Available records START

theorem lemma1:
  fixes m p r1 r2 :: real and h l :: nat and rho1 rho2 :: "bool list" and I :: "nat list"
  assumes "0 < m" and "0 < p" and "p < 1"
    and "0 < r2" and "r2 < r1" and "r1 < 1"
    and "length rho1 \<le> h" and "length rho2 \<le> l"
    and "set I \<subseteq> {1, 2}"
    and "count (mset I) 1 = h - length rho1"
    and "count (mset I) 2 = l - length rho2"
  shows "exp_alg_reward r1 r2 m p rho1 rho2
           (replicate (l - length rho2) 2 @ replicate (h - length rho1) 1)
         / OPT r1 r2 m (replicate (l - length rho2) 2 @ replicate (h - length rho1) 1)
       \<le> exp_alg_reward r1 r2 m p rho1 rho2 I / OPT r1 r2 m I"
proof -
  let ?O = "replicate (l - length rho2) 2 @ replicate (h - length rho1) (1 :: nat)"
  have O: "?O = replicate (count (mset I) 2) 2 @ replicate (count (mset I) 1) 1"
    using assms(10,11) by simp
  have "exp_alg_reward r1 r2 m p rho1 rho2 ?O \<le> exp_alg_reward r1 r2 m p rho1 rho2 I"
    unfolding O using assms(1-5,9) by (intro exp_alg_reward_mono alg_reward_ordered_le) auto
  moreover have "OPT r1 r2 m ?O = OPT r1 r2 m I"
    using assms(10,11) by (simp add: OPT_def)
  moreover have "0 \<le> OPT r1 r2 m I"
    using assms(1,4,5) by (intro OPT_nonneg) auto
  ultimately show ?thesis
    by (simp add: divide_right_mono)
qed

end
lemma unitary_conj_diag_affine:
  assumes dec: "spectral_dec n A V d" and f: "\<And>k. k < n \<Longrightarrow> f (d k) = \<alpha> + \<gamma> * d k"
  shows "V * mat_diag n (\<lambda>i. complex_of_real (f (d i))) * mat_adjoint V
    = complex_of_real \<alpha> \<cdot>\<^sub>m 1\<^sub>m n + complex_of_real \<gamma> \<cdot>\<^sub>m A"
proof -
  have U: "unitary_mat n V" and V: "V \<in> carrier_mat n n"
    and A: "A = V * mat_diag n (\<lambda>i. complex_of_real (d i)) * mat_adjoint V"
    using dec unfolding spectral_dec_def unitary_mat_def by auto
  have "dim_row A = n" "dim_col A = n" using A V by simp_all
  show ?thesis
  proof (rule eq_matI)
    fix i j assume "i < dim_row (complex_of_real \<alpha> \<cdot>\<^sub>m 1\<^sub>m n + complex_of_real \<gamma> \<cdot>\<^sub>m A)"
      "j < dim_col (complex_of_real \<alpha> \<cdot>\<^sub>m 1\<^sub>m n + complex_of_real \<gamma> \<cdot>\<^sub>m A)"
    then have i: "i < n" and j: "j < n" using \<open>dim_row A = n\<close> \<open>dim_col A = n\<close> by auto
    have "(V * mat_diag n (\<lambda>i. complex_of_real (f (d i))) * mat_adjoint V) $$ (i, j)
        = complex_of_real \<alpha> * (\<Sum>k<n. V $$ (i, k) * cnj (V $$ (j, k)))
          + complex_of_real \<gamma> * (\<Sum>k<n. V $$ (i, k) * complex_of_real (d k) * cnj (V $$ (j, k)))"
      unfolding index_mult_diag_mult_adjoint[OF V i j]
      by (simp add: f sum.distrib sum_distrib_left algebra_simps)
    also have "\<dots> = (complex_of_real \<alpha> \<cdot>\<^sub>m 1\<^sub>m n + complex_of_real \<gamma> \<cdot>\<^sub>m A) $$ (i, j)"
      unfolding unitary_mat_rows_orthonormal[OF U i j] A index_mult_diag_mult_adjoint[OF V i j, symmetric]
      using V i j by simp
    finally show "(V * mat_diag n (\<lambda>i. complex_of_real (f (d i))) * mat_adjoint V) $$ (i, j) =
      (complex_of_real \<alpha> \<cdot>\<^sub>m 1\<^sub>m n + complex_of_real \<gamma> \<cdot>\<^sub>m A) $$ (i, j)" .
  qed (use V \<open>dim_row A = n\<close> \<open>dim_col A = n\<close> in simp_all)
qed
lemma sum_list_map_eq_sum_of_count:
  "sum_list (map (f :: 'a \<Rightarrow> 'b::semiring_1) xs) = (\<Sum>x\<in>set xs. of_nat (count_list xs x) * f x)"
proof (induction xs)
  case (Cons x xs)
  show ?case
  proof (cases "x \<in> set xs")
    case True
    have rest: "(\<Sum>y\<in>set xs - {x}. of_nat (count_list (x # xs) y) * f y)
        = (\<Sum>y\<in>set xs - {x}. of_nat (count_list xs y) * f y)"
      by (intro sum.cong) auto
    show ?thesis
      using True Cons.IH rest by (simp add: sum.remove[of _ x] algebra_simps insert_absorb)
  next
    case False
    then have "\<forall>y\<in>set xs. x \<noteq> y" by blast
    then show ?thesis using False Cons.IH by simp
  qed
qed simp

lemma vN_entropy_char_poly_linear:
  assumes "char_poly A = (\<Prod>b\<leftarrow>as. [:- b, 1:])"
  shows "vN_entropy A = (\<Sum>a\<leftarrow>as. eta (Re a))"
  unfolding vN_entropy_def assms roots_prod_list_linear order_prod_list_linear
  by (simp add: sum_list_map_eq_sum_of_count)

lemma mtrace_mult_comm:
  assumes "X \<in> carrier_mat n m" "Y \<in> carrier_mat m n"
  shows "mtrace (X * Y) = mtrace (Y * X)"
proof -
  have "mtrace (X * Y) = (\<Sum>i<n. \<Sum>j<m. X $$ (i,j) * Y $$ (j,i))"
    using assms unfolding mtrace_def by (auto simp: scalar_prod_def intro!: sum.cong)
  also have "\<dots> = (\<Sum>j<m. \<Sum>i<n. Y $$ (j,i) * X $$ (i,j))"
    by (subst sum.swap) (simp add: mult.commute)
  also have "\<dots> = mtrace (Y * X)"
    using assms unfolding mtrace_def by (auto simp: scalar_prod_def intro!: sum.cong)
  finally show ?thesis .
qed
(* Let $G=(V,E)$ be a finite loopless graph with $V\ne\emptyset$ and edge weights $\mathbf{v}=(v_e)_{e\in E}$, and let $q,q_1,q_2$ be indeterminates. Then \[ Z_G(q_1+q_2,\mathbf{v})=\sum_{W\subseteq V}Z_{G[W]}(q_1,\mathbf{v})\,Z_{G[V\setminus W]}(q_2,\mathbf{v}). \] Moreover, for each $i\in V$, \[ \widehat{Z}_G(q_1+q_2,\mathbf{v})=\sum_{W\subseteq V,\ W\ni i}\widehat{Z}_{G[W]}(q_1,\mathbf{v})\,Z_{G[V\setminus W]}(q_2,\mathbf{v}), \] and in particular \[ Z_G(q,\mathbf{v})=\sum_{W\subseteq V,\ W\ni i}q\,C_{G[W]}(\mathbf{v})\,Z_{G[V\setminus W]}(q,\mathbf{v}). \] Also \[ |V|\,Z_G(q_2,\mathbf{v})=\sum_{\emptyset\ne W\subseteq V}\bigl[(q_1+q_2)|W|-q_1|V|\bigr]\widehat{Z}_{G[W]}(q_1,\mathbf{v})\,Z_{G[V\setminus W]}(q_2,\mathbf{v}). \]
   Context: For a finite graph $H$: $Z_H(q,\mathbf{v})=\sum_{A\subseteq E(H)}q^{k(A)}\prod_{e\in A}v_e$ with $k(A)$ the number of connected components of $(V(H),A)$; $\widehat{Z}_H(q,\mathbf{v})=\sum_{A\subseteq E(H)}q^{k(A)-1}\prod_{e\in A}v_e$ for $V(H)\ne\emptyset$; $C_H(\mathbf{v})=\sum_{A\subseteq E(H),\,k(A)=1}\prod_{e\in A}v_e$. For the empty graph (no vertices), $Z=1$. $G[W]$ denotes the induced subgraph on $W$. *)

theory Defs
  imports Main
begin
lemma cycle_flip_invariants:
  assumes n: "n \<ge> 4" and ab: "{a, b} = {2, 3::nat}"
    and f: "f permutes {1..n}" and odd: "odd_order n f"
    and f1: "f 1 = n" and fn: "f n = a" and fa: "f a = b"
  defines "g \<equiv> cycle_flip f 1"
  shows "g permutes {1..n}" "odd_order n g" "cyclic_weight n g = cyclic_weight n f"
    "g 1 = n" "g n = b" "g b = a" "cycle_flip g 1 = f"
proof -
  have perm: "permutation f"
    using f permutation_permutes by blast
  have one: "1 \<in> {1..n}"
    using n by simp
  have ab_cases: "a = 2 \<and> b = 3 \<or> a = 3 \<and> b = 2"
    using ab by (simp add: doubleton_eq_iff)
  have "distinct [1, f 1, f (f 1), f (f (f 1))]"
    using n ab_cases f1 fn fa by auto
  moreover have "odd (card (orbit f 1))"
    using odd one by (simp add: odd_order_iff_card_orbit[OF perm])
  ultimately have long: "5 \<le> card (orbit f 1)"
    by (rule five_le_card_orbit[OF perm])
  note flip = f finite_atLeastAtMost one long
  show g: "g permutes {1..n}"
    unfolding g_def by (rule cycle_flip_permutes[OF flip])
  have "orbit g = orbit f"
    unfolding g_def by (rule orbit_cycle_flip[OF flip])
  moreover have "permutation g"
    using g permutation_permutes by blast
  ultimately show "odd_order n g"
    using odd perm by (simp add: odd_order_iff_card_orbit)
  show "g 1 = n" "g n = b" "g b = a"
    using cycle_flip_simps(1-3)[OF flip, unfolded f1 fn fa, folded g_def] by simp_all
  show "cycle_flip g 1 = f"
    unfolding g_def by (rule cycle_flip_cycle_flip[OF flip])
  show "cyclic_weight n g = cyclic_weight n f"
    unfolding g_def using cycle_flip_same_order_as_inv[OF n ab_cases f long f1 fn fa]
    by (rule cyclic_weight_cycle_flip[OF f one long])
qed
lemma l2norm_sq_tm_comb: "l2norm_sq (tm_comb a n c) = (\<Sum>k<n. (cmod (c k))\<^sup>2)"
proof -
  have "complex_of_real (l2norm_sq (tm_comb a n c)) = ip (tm_comb a n c) (tm_comb a n c)"
    by (rule ip_self[OF L2_tm_comb, symmetric])
  also have "\<dots> = (\<Sum>k<n. c k * cnj (c k))" by (rule ip_tm_comb_tm_comb)
  also have "\<dots> = complex_of_real (\<Sum>k<n. (cmod (c k))\<^sup>2)"
    by (simp only: of_real_sum complex_norm_square)
  finally show ?thesis using of_real_eq_iff by blast
qed

lemma K2_eq_tm_combI:
  assumes "g \<in> K2 (bpow_seq a n)" "\<And>k. k < n \<Longrightarrow> ip g (tm a k) = c k"
  shows "g = tm_comb a n c"
proof -
  have "g = tm_comb a n (\<lambda>k. ip g (tm a k))" by (rule K2_tm_expansion[OF assms(1)])
  also have "\<dots> = tm_comb a n c" by (rule tm_comb_cong) (rule assms(2))
  finally show ?thesis .
qed

lemma proj_K2_tm: assumes "x \<in> L2"
  shows "proj (K2 (bpow_seq a n)) x = tm_comb a n (\<lambda>k. ip x (tm a k))"
proof -
  let ?S = "K2 (bpow_seq a n)"
  have perp: "ip (\<lambda>m. x m - g m) h = 0"
    if g: "g \<in> ?S" and gc: "\<And>k. k < n \<Longrightarrow> ip g (tm a k) = ip x (tm a k)" and h: "h \<in> ?S" for g h
  proof -
    obtain d where d: "h = tm_comb a n d" using h K2_iff_tm_comb by blast
    have gL: "g \<in> L2" using g by (rule L2_if_K2)
    have "ip (\<lambda>m. x m - g m) h = (\<Sum>k<n. cnj (d k) * ip (\<lambda>m. x m - g m) (tm a k))"
      unfolding d tm_comb_def by (intro ip_sum_right L2_tm L2_diff assms gL) auto
    also have "\<dots> = 0" by (intro sum.neutral) (simp add: ip_diff assms gL L2_tm gc)
    finally show ?thesis .
  qed
  have "\<exists>g. g \<in> ?S \<and> (\<forall>h\<in>?S. ip (\<lambda>m. x m - g m) h = 0)"
    using tm_comb_K2[of n n "\<lambda>k. ip x (tm a k)"]
    by (intro exI[of _ "tm_comb a n (\<lambda>k. ip x (tm a k))"] conjI ballI perp) (auto simp: ip_tm_comb_tm)
  from someI_ex[OF this]
  have g: "proj ?S x \<in> ?S" "\<forall>h\<in>?S. ip (\<lambda>m. x m - proj ?S x m) h = 0"
    unfolding proj_def by auto
  show ?thesis
  proof (rule K2_eq_tm_combI[OF g(1)])
    fix k assume "k < n"
    hence "ip (\<lambda>m. x m - proj ?S x m) (tm a k) = 0" using g(2) tm_K2 by blast
    thus "ip (proj ?S x) (tm a k) = ip x (tm a k)"
      by (simp add: ip_diff assms L2_if_K2[OF g(1)] L2_tm)
  qed
qed
lemma independence_det_annihilates:
  fixes A B :: "'b::comm_ring_1^2^2"
  assumes "mscal a (mat 1) + mscal b A + mscal c B + mscal d (A ** B) = 0"
  shows "independence_det A B * a = 0 \<and> independence_det A B * b = 0 \<and>
    independence_det A B * c = 0 \<and> independence_det A B * d = 0"
proof -
  let ?C = "A ** B" and ?D = "independence_det A B"
  have entry: "(mscal a (mat 1) + mscal b A + mscal c B + mscal d ?C) $ i $ j = 0" for i j
    using assms by simp
  have e12: "A$1$2 * b + B$1$2 * c + ?C$1$2 * d = 0"
    using entry[of 1 2] by (simp add: mat_def algebra_simps)
  have e21: "A$2$1 * b + B$2$1 * c + ?C$2$1 * d = 0"
    using entry[of 2 1] by (simp add: mat_def algebra_simps)
  have e11: "a + b * A$1$1 + c * B$1$1 + d * ?C$1$1 = 0"
    using entry[of 1 1] by (simp add: mat_def)
  have e22: "a + b * A$2$2 + c * B$2$2 + d * ?C$2$2 = 0"
    using entry[of 2 2] by (simp add: mat_def)
  have "(A$1$1 - A$2$2) * b + (B$1$1 - B$2$2) * c + (?C$1$1 - ?C$2$2) * d =
      (a + b * A$1$1 + c * B$1$1 + d * ?C$1$1) - (a + b * A$2$2 + c * B$2$2 + d * ?C$2$2)"
    by (simp add: algebra_simps)
  with e11 e22 have e3: "(A$1$1 - A$2$2) * b + (B$1$1 - B$2$2) * c + (?C$1$1 - ?C$2$2) * d = 0"
    by simp
  have bcd: "?D * b = 0 \<and> ?D * c = 0 \<and> ?D * d = 0"
    unfolding independence_det_def by (rule det3_mult_homogeneous_solution[OF e12 e21 e3])
  have "?D * a = - (?D * b) * A$1$1 - (?D * c) * B$1$1 - (?D * d) * ?C$1$1"
    using arg_cong[OF e11, of "(*) ?D"] by (simp add: algebra_simps eq_neg_iff_add_eq_0)
  with bcd show ?thesis by simp
qed

section \<open>Collapsing all variables onto \<open>x\<close> and \<open>y\<close>\<close>

definition collapse_subst :: "nat \<Rightarrow> 'a::comm_ring_1 qpoly" where
  "collapse_subst k = qvar (min k 1)"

Available records END

Which lines in the records above contain the word "auto"? Copy each one.

● **Response for this exercise**
    unfolding O using assms(1-5,9) by (intro exp_alg_reward_mono alg_reward_ordered_le) auto
    using assms(1,4,5) by (intro OPT_nonneg) auto
    using dec unfolding spectral_dec_def unitary_mat_def by auto
    then have i: "i < n" and j: "j < n" using \<open>dim_row A = n\<close> \<open>dim_col A = n\<close> by auto
      by (intro sum.cong) auto
    using assms unfolding mtrace_def by (auto simp: scalar_prod_def intro!: sum.cong)
    using assms unfolding mtrace_def by (auto simp: scalar_prod_def intro!: sum.cong)
    using n ab_cases f1 fn fa by auto
      unfolding d tm_comb_def by (intro ip_sum_right L2_tm L2_diff assms gL) auto
    by (intro exI[of _ "tm_comb a n (\<lambda>k. ip x (tm a k))"] conjI ballI perp) (auto simp: ip_tm_comb_tm)
    unfolding proj_def by auto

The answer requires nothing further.